"In Catalonia you are lucky because it has a strong pride in its language"
Ernesto Caballero brings 'Grammar' to the Romea Theatre, a play about the impoverishment of language starring María Adánez
![A scene from 'The Grammar'](https://static1.ara.cat/clip/a624f247-d452-400b-a304-bcf166de5cb1_16-9-aspect-ratio_default_0.jpg)
![](https://static1.ara.cat/ara/public/file/2021/0521/17/nuria-juanico-8372273-2.png)
BarcelonaActress María Adánez (Madrid, 1976) arrives at the Romea Theatre in Barcelona full of enthusiasm. It is the first time she has set foot in a Catalan theatre with a professional project under her arm. "I don't understand why, until now, you had never acted in Barcelona," says the director of the Romea, Josep Maria Pou. Adánez owes much of her popularity to the series There is no one living here, where she played the character of Lucía between 2003 and 2006. She has since continued combining television, film and theatre, the discipline in which she made her debut when she was only seven years old with Dollhouse Ibsen and which has a considerable weight in his professional career. Precisely for this reason, Adánez takes Grammar by Ernesto Caballero with special enthusiasm. The show will be at the Romea until February 23.
Grammar It is a theatrical game and, at the same time, a cultural claim. It stars a cleaning woman who one day, while working at the Royal Spanish Academy (RAE), drops the grammar volumes on her head and falls into a coma.
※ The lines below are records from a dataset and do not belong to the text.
definition RIGHT2 :: "'l set \<Rightarrow> ('l, 'c, 'd) frame \<Rightarrow> 'c set" where
  "RIGHT2 L0 F2 = {c \<in> CH F2. \<not> in_L L0 (sender F2 c) \<and> \<not> in_L L0 (recipient F2 c)}"

end

theory Submission
  imports Defs
begin

text \<open>The left run fixes the events and the order at the shared locations, the right run
those at the remaining locations, and the two runs overlap exactly in their events on cut
channels, where they agree. Gluing the two partial orders along this common part gives a
system of events whose restrictions are the two runs. Every location of the second frame
sees all of its events inside one of the two runs: a shared location only uses channels of
the left part, where it behaves as in the first frame, and any other location only uses
channels of the right part. Hence the glued system is an execution of the second frame.\<close>

text \<open>For orders that are compatible on the overlap of their carriers, this is already the
transitive closure of the union: a longer alternating chain passes twice through the
overlap and can be shortened there.\<close>

definition glue :: "('a \<times> 'a) set \<Rightarrow> ('a \<times> 'a) set \<Rightarrow> ('a \<times> 'a) set" where
  "glue R1 R2 = R1 \<union> R2 \<union> R1 O R2 \<union> R2 O R1"

lemma glue_commute: "glue R1 R2 = glue R2 R1"
  unfolding glue_def by blast

lemma glue_Int_left:
  assumes "R1 \<subseteq> B1 \<times> B1" "trans R1" "R2 \<inter> B1 \<times> B1 \<subseteq> R1"
  shows "glue R1 R2 \<inter> B1 \<times> B1 = R1"
  unfolding glue_def using assms(1,3) transD[OF assms(2)] by blast

lemma relcomp_through_compatible_subset:
  assumes "R1 \<subseteq> B1 \<times> B1" "trans R1" "R2 \<inter> B1 \<times> B1 \<subseteq> R1"
  shows "R1 O R2 O R1 \<subseteq> R1"
proof clarify
  fix a b c d assume ab: "(a, b) \<in> R1" and bc: "(b, c) \<in> R2" and cd: "(c, d) \<in> R1"
  have "(b, c) \<in> R1" using ab bc cd assms(1,3) by blast
  then show "(a, d) \<in> R1" using ab cd transD[OF assms(2)] by blast
qed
When she wakes up she has become an educated woman, but this curious episode of infused science, instead of making her life easier, isolates her from the world. "She spends the day correcting the people around her until everyone gets tired and she is left alone," explains the actress. Desperation leads her to a therapist (José Troncoso) who promises that he can resolve the situation, and that is where the engine of the drama begins to turn strongly. The man will try to make the protagonist forget everything she has learned in relation to the Spanish language.
"It is one Pygmalion On the contrary, because she experiences a destructuring of language. This process serves to throw many darts at the public. Are we what we speak? Does language delimit us or open us to society? Adánez reflects. The show, in fact, arose from the need to denounce the perversion of language. "Expressions are being lost, we speak worse and worse. There should be a campaign to recover the precision of language, which is in decline," Caballero stresses.
"You have to make an effort not to seem cultured"
The playwright explains that at school his daughter was criticised by classmates "because she tried hard to speak correctly" and that when he brought it up with the teaching staff, not everyone saw it as a problem. "We live in a society where speaking badly is a big deal, now you have to try hard not to seem cultured. We are putting our heritage into motion," laments Caballero, who is sceptical about politically correct language: "I am not in favour of telling the academy to assume certain words or meanings.
On stage, José Troncoso's character represents the opposite of that spirit, that is, the value of ignorance. "When I was a child, the presenters elevated the language. Now I watch television and it's just the opposite. We are more valuable the more ignorant we are," says the actor. The production satires those who impoverish the language and uses the audience as an active element of the work, posing questions to the audience. The final objective is to generate debate and activate the individual switch so that everyone looks after a more polished and rich language. "In Catalonia you are lucky; apart from a magnificent theatre it also has a strong pride in its language," concludes Caballero. "In Castilian, on the other hand, we suffer from a strong complex when it comes to putting forward the richness and variety and plasticity of the language."